-3

I have a question on extracting the title of an html line.

Let's say my line is:

<span class="title_name"> <a href="/?id=2124">Fairwood</a></span>

and lol, i had to add some extra spaces for the line to not show as a hyperlink..

How would I go about to automatically extract "Fairwood", given a number of lines that are formatted similarly, with different id's and titles.

Thanks in advance

piokuc
  • 25,594
  • 11
  • 72
  • 102
  • 1
    Why the downvotes?
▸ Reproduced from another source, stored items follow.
definition quot_delta :: "('q \<Rightarrow> 'a \<Rightarrow> 'q set) \<Rightarrow> 'q set set \<Rightarrow> 'q set \<Rightarrow> 'a \<Rightarrow> 'q set set" where
  "quot_delta \<delta> P X a = {Y \<in> P. \<exists>v\<in>Y. \<exists>u\<in>X. v \<in> \<delta> u a}"

definition wheeler_order :: "'q set \<Rightarrow> 'a::linorder set \<Rightarrow> ('q \<Rightarrow> 'a \<Rightarrow> 'q set) \<Rightarrow> 'q
    \<Rightarrow> ('q \<Rightarrow> 'q \<Rightarrow> bool) \<Rightarrow> bool" where
  "wheeler_order Q Al \<delta> s lt \<longleftrightarrow>
     (\<forall>x\<in>Q. \<not> lt x x) \<and>
     (\<forall>x\<in>Q. \<forall>y\<in>Q. \<forall>z\<in>Q. lt x y \<and> lt y z \<longrightarrow> lt x z) \<and>
     (\<forall>x\<in>Q. \<forall>y\<in>Q. x \<noteq> y \<longrightarrow> lt x y \<or> lt y x) \<and>
     (\<forall>v\<in>Q. v \<noteq> s \<longrightarrow> lt s v) \<and>
     (\<forall>u\<in>Q. \<forall>u'\<in>Q. \<forall>a\<in>Al. \<forall>a'\<in>Al. \<forall>v\<in>\<delta> u a. \<forall>v'\<in>\<delta> u' a'.
        (a < a' \<longrightarrow> lt v v') \<and> (a = a' \<and> lt u u' \<and> v \<noteq> v' \<longrightarrow> lt v v'))"

definition wheeler_preorder :: "'q set \<Rightarrow> 'a::linorder set \<Rightarrow> ('q \<Rightarrow> 'a \<Rightarrow> 'q set) \<Rightarrow> 'q
    \<Rightarrow> ('q \<Rightarrow> 'q \<Rightarrow> bool) \<Rightarrow> bool" where
  "wheeler_preorder Q Al \<delta> s le \<longleftrightarrow>
     (\<forall>x\<in>Q. le x x) \<and>
     (\<forall>x\<in>Q. \<forall>y\<in>Q. \<forall>z\<in>Q. le x y \<and> le y z \<longrightarrow> le x z) \<and>
     (\<forall>x\<in>Q. \<forall>y\<in>Q. le x y \<or> le y x) \<and>
     (let C = (\<lambda>u. {v\<in>Q. le u v \<and> le v u}) ` Q in
        coarsest_fs Q Al \<delta> C \<and>
        wheeler_order C Al (quot_delta \<delta> C) (part_of C s)
          (\<lambda>X Y. \<exists>u\<in>X. \<exists>v\<in>Y. le u v \<and> \<not> le v u))"

definition quasi_wheeler :: "'q set \<Rightarrow> 'a::linorder set \<Rightarrow> ('q \<Rightarrow> 'a \<Rightarrow> 'q set) \<Rightarrow> 'q \<Rightarrow> bool" where
  "quasi_wheeler Q Al \<delta> s \<longleftrightarrow> (\<exists>le. wheeler_preorder Q Al \<delta> s le)"

definition opr_init :: "'q set \<Rightarrow> 'a::linorder set \<Rightarrow> ('q \<Rightarrow> 'a \<Rightarrow> 'q set) \<Rightarrow> 'q
    \<Rightarrow> 'q set list \<times> 'q set list" where
  "opr_init Q Al \<delta> s =
     ([{s}] @ map (\<lambda>a. {v\<in>Q. v \<noteq> s \<and> lab Q Al \<delta> v = a}) (sorted_list_of_set Al), [Q])"

text \<open>Splitting a part D of P with respect to the splitter B \<subseteq> S; fstB says
  whether B was the first part of P contained in S.\<close>
definition split_part :: "'q set \<Rightarrow> 'a set \<Rightarrow> ('q \<Rightarrow> 'a \<Rightarrow> 'q set) \<Rightarrow> 'q
    \<Rightarrow> 'q set \<Rightarrow> 'q set \<Rightarrow> bool \<Rightarrow> 'q set \<Rightarrow> 'q set list" where
  "split_part Q Al \<delta> s B S fstB D =
     (let a = lab Q Al \<delta> (SOME x. x \<in> D);
          D1 = (if D = {s} then {} else D \<inter> dimg \<delta> a B);
          D2 = D - D1;
          D11 = D1 \<inter> dimg \<delta> a (S - B);
          D12 = D1 - D11
      in filter (\<lambda>Y. Y \<noteq> {}) (if fstB then [D12, D11, D2] else [D2, D11, D12]))"

definition is_candidate :: "'q set list \<Rightarrow> 'q set \<Rightarrow> bool" where
  "is_candidate P S \<longleftrightarrow> S = \<Union>{D \<in> set P. D \<subseteq> S} \<and> 2 \<le> card {D \<in> set P. D \<subseteq> S}"

text \<open>One iteration of the while loop. When the first and last parts of P inside S
  have equal cardinality, either may be chosen as B (both tie-breaks are allowed).\<close>
definition opr_step :: "'q set \<Rightarrow> 'a set \<Rightarrow> ('q \<Rightarrow> 'a \<Rightarrow> 'q set) \<Rightarrow> 'q
    \<Rightarrow> 'q set list \<times> 'q set list \<Rightarrow> 'q set list \<times> 'q set list \<Rightarrow> bool" where
  "opr_step Q Al \<delta> s st st' \<longleftrightarrow>
     (let P = fst st; X = snd st in
      X \<noteq> P \<and>
      (\<exists>i fstB. i < length X \<and> is_candidate P (X ! i) \<and> (\<forall>j<i. \<not> is_candidate P (X ! j)) \<and>
        (let S = X ! i;
             Ds = filter (\<lambda>D. D \<subseteq> S) P;
             B = (if fstB then hd Ds else last Ds)
         in (if fstB then card (hd Ds) \<le> card (last Ds) else card (last Ds) \<le> card (hd Ds)) \<and>
            snd st' = take i X @ (if fstB then [B, S - B] else [S - B, B]) @ drop (Suc i) X \<and>
            fst st' = concat (map (split_part Q Al \<delta> s B S fstB) P))))"

end

(* The algorithm maintains the following invariant on the ordered partition P: every part is a
   union of classes of P', is either {s} or has all incoming transitions labelled by one letter,
   is stable with respect to every part of X, and whenever a part precedes another in P, the
   classes of its states precede those of the other in the Wheeler order. Initially the last
   condition is the Wheeler axiom for distinct letters together with s coming first. In a step
   the splitter B is the first (last) part of P inside S, hence lies entirely before (after)
   S - B. A part D with letter a is cut into the states with a-predecessors only in B, in both
   B and S - B, and only in S - B; stability of D with respect to S ensures that, once one state
   of D has a predecessor in B, every state of D has one in S. The Wheeler axiom for equal
   letters then orders the pieces exactly as the algorithm lists them. *)

theory Submission
  imports Defs
begin

lemma sorted_wrt_concat_map:
  assumes "sorted_wrt R xs"
    and "\<And>x. x \<in> set xs \<Longrightarrow> sorted_wrt R' (f x)"
    and "\<And>x y a b. x \<in> set xs \<Longrightarrow> y \<in> set xs \<Longrightarrow> R x y \<Longrightarrow> a \<in> set (f x) \<Longrightarrow> b \<in> set (f y) \<Longrightarrow> R' a b"
  shows "sorted_wrt R' (concat (map f xs))"
  using assms
proof (induction xs)
  case (Cons x xs)
  have "sorted_wrt R' (concat (map f xs))"
    using Cons.prems by (intro Cons.IH) (auto, blast)
  moreover have "R' a b" if "a \<in> set (f x)" "y \<in> set xs" "b \<in> set (f y)" for a b y
    using Cons.prems(3)[of x y a b] Cons.prems(1) that by simp
  ultimately show ?case
    using Cons.prems(2) by (auto simp add: sorted_wrt_append)
qed simp

locale std_nfa =
  fixes Q :: "'q set" and Al :: "'a::linorder set" and \<delta> :: "'q \<Rightarrow> 'a \<Rightarrow> 'q set" and s :: 'q
  assumes nfa_std: "nfa_std Q Al \<delta> s"
begin

abbreviation label :: "'q \<Rightarrow> 'a" where
  "label \<equiv> lab Q Al \<delta>"

abbreviation block_label :: "'q set \<Rightarrow> 'a" where
  "block_label D \<equiv> label (SOME x. x \<in> D)"

lemma source_in: "s \<in> Q"
  using nfa_std unfolding nfa_std_def by blast

lemma delta_closed: "u \<in> Q \<Longrightarrow> a \<in> Al \<Longrightarrow> \<delta> u a \<subseteq> Q"
  using nfa_std unfolding nfa_std_def by blast

lemma source_no_incoming: "u \<in> Q \<Longrightarrow> a \<in> Al \<Longrightarrow> s \<notin> \<delta> u a"
  using nfa_std unfolding nfa_std_def by blast

lemma label_incoming:
  assumes "v \<in> Q" "v \<noteq> s"
  shows "label v \<in> Al \<and> (\<exists>u\<in>Q. v \<in> \<delta> u (label v))"
proof -
  have "\<exists>!a. a \<in> Al \<and> (\<exists>u\<in>Q. v \<in> \<delta> u a)"
    using nfa_std assms unfolding nfa_std_def by blast
  then show ?thesis
    unfolding lab_def by (rule someI_ex[OF ex1_implies_ex])
qed

lemma label_eq:
  assumes "u \<in> Q" "a \<in> Al" "v \<in> \<delta> u a"
  shows "label v = a"
proof -
  have "v \<in> Q" "v \<noteq> s"
    using assms delta_closed source_no_incoming by blast+
  moreover have "\<exists>!a. a \<in> Al \<and> (\<exists>u\<in>Q. v \<in> \<delta> u a)"
    using nfa_std calculation unfolding nfa_std_def by blast
  ultimately show ?thesis
    using label_incoming assms by blast
qed

lemma dimg_subset: "Y \<subseteq> Q \<Longrightarrow> a \<in> Al \<Longrightarrow> dimg \<delta> a Y \<subseteq> Q"
  using delta_closed unfolding dimg_def by blast

lemma dimg_split: "B \<subseteq> S \<Longrightarrow> dimg \<delta> a S = dimg \<delta> a B \<union> dimg \<delta> a (S - B)"
  unfolding dimg_def by blast

lemma dimg_Q:
  assumes "a \<in> Al"
  shows "dimg \<delta> a Q = {v \<in> Q. v \<noteq> s \<and> label v = a}"
proof
  show "dimg \<delta> a Q \<subseteq> {v \<in> Q. v \<noteq> s \<and> label v = a}"
    using assms delta_closed source_no_incoming label_eq unfolding dimg_def by blast
  show "{v \<in> Q. v \<noteq> s \<and> label v = a} \<subseteq> dimg \<delta> a Q"
    using label_incoming unfolding dimg_def by blast
qed
(* Consider the version of the jelly–labour model with money described in the context, in which the total amount of money $M=m^{(H)}_t+m^{(F)}_t$ is constant over time. Then the viability closure is constant over time, and for every $t$ the viable region at time $t$ is a subset of the viability closure.
   Context: Model (version with money as a pure store of value). There are an aggregate household and an aggregate firm, and two goods: labour (the numéraire, wage $w=1$; one unit of money always has the value of one unit of labour) and a consumption good called jelly. Parameters: $\alpha,\beta>0$, $0<\gamma<1$, labour force $L_f>0$. The firm has production function $J=L^\gamma$ and expected demand function $\phi_t(J)=z_t/J^{\zeta_t}$ (parameters updated every period). At time $t$ the household holds money $m^{(H)}_t\ge0$ and the firm holds money $m^{(F)}_t\ge0$. One period $t\to t+1$ proceeds as follows. (1) The firm chooses $L^{(D)}_{t+1}=\arg\min_L|L^\gamma\phi_t(L^\gamma)-L|$ subject to $0\le L\le L_f$ and the budget limitation $L\le m^{(F)}_t$. It sets the price $p_{t+1}=\phi_t((L^{(D)}_{t+1})^\gamma)$. (2) The household supplies $L^{(S)}_{t+1}=\frac{\beta}{\alpha+\beta}L_f$. (3) Transacted labour is $L^{(M)}_{t+1}=\min\{L^{(D)}_{t+1},L^{(S)}_{t+1}\}$. (4) The jelly supply is $J^{(S)}_{t+1}=(L^{(M)}_{t+1})^\gamma$. (5) The household demands $J^{(D)}_{t+1}=\min\{\frac{\beta}{\alpha+\beta}\frac{L_f}{p_{t+1}},\frac{m^{(H)}_t}{p_{t+1}}\}$, i.e. it faces the budget limitation given by its money holdings. (6) Transacted jelly is $J^{(M)}_{t+1}=\min\{J^{(D)}_{t+1},J^{(S)}_{t+1}\}$. (7) The money holdings update as $m^{(F)}_{t+1}=m^{(F)}_t+p_{t+1}J^{(M)}_{t+1}-L^{(M)}_{t+1}$ and $m^{(H)}_{t+1}=m^{(H)}_t-p_{t+1}J^{(M)}_{t+1}+L^{(M)}_{t+1}$. (8) The firm updates its expectations. The agents' budgets are their money holdings: $B^{(F)}_t=m^{(F)}_t$ and $B^{(H)}_t=m^{(H)}_t$. The economic state at time $t$ is $e_t=(L^{(D)}_t,L^{(S)}_t,J^{(D)}_t,J^{(S)}_t,p_t)$. The viable region at time $t$ is the set of economic states that could be reached at time $t+1$ without violating the agents' budget limitations. The viability closure is the set of economic states that would be viable if both agents had the full amount $M$ at their disposal when making their decisions about supply, demand and prices. *)

theory Defs
  imports Complex_Main
begin

type_synonym econ_state = "real \<times> real \<times> real \<times> real \<times> real"
  (* (L^D, L^S, J^D, J^S, p) *)

definition labour_supply :: "real \<Rightarrow> real \<Rightarrow> real \<Rightarrow> real" where
  "labour_supply \<alpha> \<beta> Lf = \<beta> / (\<alpha> + \<beta>) * Lf"

definition exp_demand :: "real \<Rightarrow> real \<Rightarrow> real \<Rightarrow> real" where
  "exp_demand z \<zeta> J = z / J powr \<zeta>"

text \<open>Economic states that can arise from the agents' decision rules (firm
  labour demand in [0, Lf], household supply and jelly supply as in the model,
  positive price, household demand at most the desired amount) and that
  respect the budget limitations: firm budget bF (labour costs, wage 1) and
  household budget bH (jelly expenditure).\<close>
definition viable_set ::
  "real \<Rightarrow> real \<Rightarrow> real \<Rightarrow> real \<Rightarrow> real \<Rightarrow> real \<Rightarrow> econ_state set" where
  "viable_set \<alpha> \<beta> \<gamma> Lf bF bH =
     {(LD, LS, JD, JS, p).
        0 \<le> LD \<and> LD \<le> Lf \<and> LD \<le> bF \<and>
        LS = labour_supply \<alpha> \<beta> Lf \<and>
        JS = (min LD LS) powr \<gamma> \<and>
        0 < p \<and> 0 \<le> JD \<and> JD \<le> labour_supply \<alpha> \<beta> Lf / p \<and>
        p * JD \<le> bH}"

definition viable_region ::
  "real \<Rightarrow> real \<Rightarrow> real \<Rightarrow> real \<Rightarrow> (nat \<Rightarrow> real) \<Rightarrow> (nat \<Rightarrow> real) \<Rightarrow> nat \<Rightarrow> econ_state set" where
  "viable_region \<alpha> \<beta> \<gamma> Lf mF mH t = viable_set \<alpha> \<beta> \<gamma> Lf (mF t) (mH t)"

definition viability_closure ::
  "real \<Rightarrow> real \<Rightarrow> real \<Rightarrow> real \<Rightarrow> (nat \<Rightarrow> real) \<Rightarrow> (nat \<Rightarrow> real) \<Rightarrow> nat \<Rightarrow> econ_state set" where
  "viability_closure \<alpha> \<beta> \<gamma> Lf mF mH t =
     viable_set \<alpha> \<beta> \<gamma> Lf (mF t + mH t) (mF t + mH t)"

text \<open>A run of the model: expectation parameters z, zeta (updated arbitrarily),
  money holdings mF, mH, and the period quantities, following steps (1)-(7).\<close>
definition model_run ::
  "real \<Rightarrow> real \<Rightarrow> real \<Rightarrow> real \<Rightarrow> (nat \<Rightarrow> real) \<Rightarrow> (nat \<Rightarrow> real) \<Rightarrow>
   (nat \<Rightarrow> real) \<Rightarrow> (nat \<Rightarrow> real) \<Rightarrow>
   (nat \<Rightarrow> real) \<Rightarrow> (nat \<Rightarrow> real) \<Rightarrow> (nat \<Rightarrow> real) \<Rightarrow> (nat \<Rightarrow> real) \<Rightarrow> (nat \<Rightarrow> real) \<Rightarrow>
   (nat \<Rightarrow> real) \<Rightarrow> (nat \<Rightarrow> real) \<Rightarrow> bool" where
  "model_run \<alpha> \<beta> \<gamma> Lf z \<zeta> mF mH LD LS JD JS p LM JM \<longleftrightarrow>
    (\<forall>t. 0 \<le> mF t \<and> 0 \<le> mH t \<and>
      \<comment> \<open>(1) firm's labour demand and price\<close>
      0 \<le> LD (Suc t) \<and> LD (Suc t) \<le> Lf \<and> LD (Suc t) \<le> mF t \<and>
      (\<forall>L. 0 \<le> L \<and> L \<le> Lf \<and> L \<le> mF t \<longrightarrow>
         \<bar>LD (Suc t) powr \<gamma> * exp_demand (z t) (\<zeta> t) (LD (Suc t) powr \<gamma>) - LD (Suc t)\<bar>
         \<le> \<bar>L powr \<gamma> * exp_demand (z t) (\<zeta> t) (L powr \<gamma>) - L\<bar>) \<and>
      p (Suc t) = exp_demand (z t) (\<zeta> t) (LD (Suc t) powr \<gamma>) \<and>
      \<comment> \<open>(2)-(6)\<close>
      LS (Suc t) = labour_supply \<alpha> \<beta> Lf \<and>
      LM (Suc t) = min (LD (Suc t)) (LS (Suc t)) \<and>
      JS (Suc t) = LM (Suc t) powr \<gamma> \<and>
      JD (Suc t) = min (labour_supply \<alpha> \<beta> Lf / p (Suc t)) (mH t / p (Suc t)) \<and>
      JM (Suc t) = min (JD (Suc t)) (JS (Suc t)) \<and>
      \<comment> \<open>(7) money updates\<close>
      mF (Suc t) = mF t + p (Suc t) * JM (Suc t) - LM (Suc t) \<and>
      mH (Suc t) = mH t - p (Suc t) * JM (Suc t) + LM (Suc t))"

end

theory Submission
  imports Defs
begin

lemma viable_set_mono:
  assumes "bF \<le> bF'" and "bH \<le> bH'"
  shows "viable_set \<alpha> \<beta> \<gamma> Lf bF bH \<subseteq> viable_set \<alpha> \<beta> \<gamma> Lf bF' bH'"
  using assms unfolding viable_set_def by auto

lemma model_run_money_nonneg:
  assumes "model_run \<alpha> \<beta> \<gamma> Lf z \<zeta> mF mH LD LS JD JS p LM JM"
  shows "0 \<le> mF t" and "0 \<le> mH t"
  using assms unfolding model_run_def by auto

lemma model_run_total_money_Suc:
  assumes "model_run \<alpha> \<beta> \<gamma> Lf z \<zeta> mF mH LD LS JD JS p LM JM"
  shows "mF (Suc t) + mH (Suc t) = mF t + mH t"
  using assms unfolding model_run_def by auto

lemma model_run_total_money_const:
  assumes "model_run \<alpha> \<beta> \<gamma> Lf z \<zeta> mF mH LD LS JD JS p LM JM"
  shows "mF t + mH t = mF 0 + mH 0"
  by (induction t) (simp_all add: model_run_total_money_Suc[OF assms])

theorem proposition4:
  fixes \<alpha> \<beta> \<gamma> Lf :: real
    and z \<zeta> mF mH LD LS JD JS p LM JM :: "nat \<Rightarrow> real"
  assumes "0 < \<alpha>" and "0 < \<beta>" and "0 < \<gamma>" and "\<gamma> < 1" and "0 < Lf"
    and "model_run \<alpha> \<beta> \<gamma> Lf z \<zeta> mF mH LD LS JD JS p LM JM"
  shows "(\<forall>t. viability_closure \<alpha> \<beta> \<gamma> Lf mF mH t = viability_closure \<alpha> \<beta> \<gamma> Lf mF mH 0)
       \<and> (\<forall>t. viable_region \<alpha> \<beta> \<gamma> Lf mF mH t \<subseteq> viability_closure \<alpha> \<beta> \<gamma> Lf mF mH t)"
proof (intro conjI allI)
  fix t
  show "viability_closure \<alpha> \<beta> \<gamma> Lf mF mH t = viability_closure \<alpha> \<beta> \<gamma> Lf mF mH 0"
    unfolding viability_closure_def
    using model_run_total_money_const[OF assms(6), of t] by simp
  have "mF t \<le> mF t + mH t" and "mH t \<le> mF t + mH t"
    using model_run_money_nonneg[OF assms(6)] by auto
  then show "viable_region \<alpha> \<beta> \<gamma> Lf mF mH t \<subseteq> viability_closure \<alpha> \<beta> \<gamma> Lf mF mH t"
    unfolding viable_region_def viability_closure_def by (rule viable_set_mono)
qed

end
A small comment could be more helpful. – Ébe Isaac Jun 09 '17 at 08:31
  • Searching for the string `href`, and then start capturing just after you encounter a `>` until you find a `<` – Haris Jun 09 '17 at 08:33
  • You might want to look at this SO post: https://stackoverflow.com/questions/11709079/parsing-html-using-python and also please do not ever ever use regex to parse HTML. See https://stackoverflow.com/a/1732454/190823 – Jens Jun 09 '17 at 08:35
  • Perhaps the BeautifulSoup framework or alike could be of help: https://www.crummy.com/software/BeautifulSoup/bs4/doc/#navigablestring Regex might work in simple cases, but it could be risky: https://stackoverflow.com/questions/1732348/regex-match-open-tags-except-xhtml-self-contained-tags – Elisha Jun 09 '17 at 08:36

2 Answers2

0

What is wrong with a parser solution?

import xml.etree.ElementTree as ET
root = ET.fromstring('<span class="title_name"> <a href="/?id=2124">Fairwood</a></span>')
print(root.find("a").text)
# Fairwood
Jan
  • 42,290
  • 8
  • 54
  • 79
0

If similarly format, then can try :

import re 
html='''
<span class="title_name1"> <a href="/?id=2124">Fairwood1</a></span>
<span class="title_name2"> <a href="/?id=2125">Fairwood2</a></span>'''
print re.findall(r'\w+(?=</a></span>)',html,re.M)
Kerwin
  • 1,212
  • 1
  • 7
  • 14